Seems roughly right, especially if you did a lot of short rides. 20% of 220 is $44= 176 minus 20 rides=$156. It sucks, but it seems about right.


----------



## frndthDuvel (Aug 31, 2014)

Lidman said:


> There should be a stub attached that gives you a break down of the totals fares, surge portions, ubers cuts and fees, etc.


There is, on the dashboard pay statement. Itemized daily. The dollar SRF comes off first, which is kind of surprising as it nets Uber less. Surge rates or adjustments noted per applicable ride.
Like it or not, that dollar was never yours. So taking the total with SRF and saying UBER takes whatever percent, is similar to UBER math at times.


----------



## andreasandreas (Mar 3, 2015)

yes, a lot of short rides. and yes, i guess that's what it is :/


----------



## TimFromMA (Mar 4, 2015)

You probably only made about $75 after expenses such as gas, maintenance, depreciation etc


----------



## Huberis (Mar 15, 2015)

andreasandreas said:


> yes. i just wasn't aware that this boils down to 41%


That is before taxes - UBER reports 100% of your income. TimFromMA is correct- you really do need to account for all those expenses, by putting money aside. Did you make sure your insurance is legit?
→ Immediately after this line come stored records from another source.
(* A single term, k = ceiling (nu' * L) with nu' slightly above nu, already diverges. *)
lemma isolated_mean_at_top:
  assumes "1 + \<rho> * (\<nu> * ln g1 + (1 - \<nu>) * ln g0) < 0"
  shows "filterlim (\<lambda>n. isolated_mean m g0 g1 n (L n)) at_top sequentially"
proof -
  obtain \<nu>' where \<nu>': "\<nu> < \<nu>'" "\<nu>' < m" "1 + \<rho> * (\<nu>' * ln g1 + (1 - \<nu>') * ln g0) < 0"
    and G': "0 < 1 + \<rho> * ln (G \<nu>' m)"
    using obtain_exponent_above[OF assms] .
  define k where "k n = nat \<lceil>\<nu>' * L n\<rceil>" for n
  have k: "(\<lambda>n. real (k n) / real (L n)) \<longlonglongrightarrow> \<nu>'"
    unfolding k_def using tendsto_ceiling_ratio[OF L_at_top, of \<nu>'] \<nu> \<nu>' by simp
  have "\<forall>\<^sub>F n in sequentially. 0 < real (k n) / real (L n) \<and> real (k n) / real (L n) < 1"
    using k \<nu> \<nu>' m by (auto intro!: eventually_conj order_tendstoD)
  then have kL: "\<forall>\<^sub>F n in sequentially. 0 < k n \<and> k n < L n"
    by eventually_elim (auto simp: zero_less_divide_iff divide_less_eq)
  have "(\<lambda>n. real n * (g1 ^ k n * g0 ^ (L n - k n))) \<longlonglongrightarrow> 0"
    by (rule n_times_edge_prob_tendsto_0[OF k \<nu>'(3)]) (use kL in \<open>auto elim: eventually_mono\<close>)
  then have "\<forall>\<^sub>F n in sequentially. real n * (g1 ^ k n * g0 ^ (L n - k n)) < 1 / 2"
    by (rule order_tendstoD(2)) simp
  then have small: "\<forall>\<^sub>F n in sequentially. real n * (g1 ^ k n * g0 ^ (L n - k n)) \<le> 1 / 2"
    by eventually_elim simp
  show ?thesis
  proof (rule filterlim_at_top_mono[OF n_times_G_power_at_top[OF k _ _ G']])
    show "\<forall>\<^sub>F n in sequentially. real n * G (k n / L n) m ^ L n / (real (L n) + 1) / 2
        \<le> isolated_mean m g0 g1 n (L n)"
      using kL small
    proof eventually_elim
      case (elim n)
      show ?case
        by (rule isolated_mean_ge) (use elim m g in auto)
    qed
  qed (use \<nu> \<nu>' m in auto)
qed

(* Nodes with at most nu' * L ones, nu' slightly below nu, are rarer than 1 / n by Chernoff's
   bound; any other node is adjacent to each other node with probability at least n^(a - 1)
   for some a > 0. *)
lemma isolated_mean_tendsto_0:
  assumes "0 < 1 + \<rho> * (\<nu> * ln g1 + (1 - \<nu>) * ln g0)"
  shows "(\<lambda>n. isolated_mean m g0 g1 n (L n)) \<longlonglongrightarrow> 0"
proof -
  obtain \<nu>' where \<nu>': "0 < \<nu>'" "\<nu>' < \<nu>" "0 < 1 + \<rho> * (\<nu>' * ln g1 + (1 - \<nu>') * ln g0)"
    and G': "1 + \<rho> * ln (G \<nu>' m) < 0"
    using obtain_exponent_below[OF assms] .
  have upper: "(\<lambda>n. real n * G \<nu>' m ^ L n
      + real n * exp (- real (n - 1) * exp (L n * (\<nu>' * ln g1 + (1 - \<nu>') * ln g0)))) \<longlonglongrightarrow> 0"
    using tendsto_add[OF n_times_power_tendsto_0[OF G_pos G'] n_times_exp_neg_tendsto_0]
      \<nu> \<nu>' m by simp
  show ?thesis
  proof (rule tendsto_sandwich[OF _ _ tendsto_const upper])
    show "\<forall>\<^sub>F n in sequentially. 0 \<le> isolated_mean m g0 g1 n (L n)"
      using m g by (intro always_eventually allI isolated_mean_nonneg) auto
    show "\<forall>\<^sub>F n in sequentially. isolated_mean m g0 g1 n (L n) \<le> real n * G \<nu>' m ^ L n
        + real n * exp (- real (n - 1) * exp (L n * (\<nu>' * ln g1 + (1 - \<nu>') * ln g0)))"
      using \<nu> \<nu>' m g by (intro always_eventually allI isolated_mean_le) auto
  qed
qed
That is another expense.


----------



## andreasandreas (Mar 3, 2015)

yes, it seems you hardly make any money. https://uberpeople.net/pages/EarningsCalculator/
my insurance is legit. farmers will insure you properly here in CO


----------



## Huberis (Mar 15, 2015)

andreasandreas said:


> yes, it seems you hardly make any money. https://uberpeople.net/pages/EarningsCalculator/
> my insurance is legit. farmers will insure you properly here in CO


Where I'm at, one of the local taxi companies, one of the two better companies to drive for, they do a 60/40 split. The driver keeping 60% and I believe the most I driver will ever pay out is $150. The only other expense would be fuel for the shift. So with that, you would be covered under their insurance (typically, you pay a bond that covers the deductible $8 a shift till paid off), you would have real dispatching (lineups), an Ipad/app in the car also and you get the use of the car.

It is a hell of a lot less headache - in my opinion. Personally, I prefer a simple hourly lease rate. That being said, I am talking about a small town with a big college, the scale is very different here. The size of the companies are manageable. A driver deals with a lot of BS but for the most part, things are safe.

The gist of what I'm getting at is that for 40% fees, UBER doesn't offer much for that other than a pipe dream. If you want to save up for a fancy tv or vacation..... but, man as a driver you take all the risk. You leverage the equity of your car and it probably depreciates faster than you can earn it back.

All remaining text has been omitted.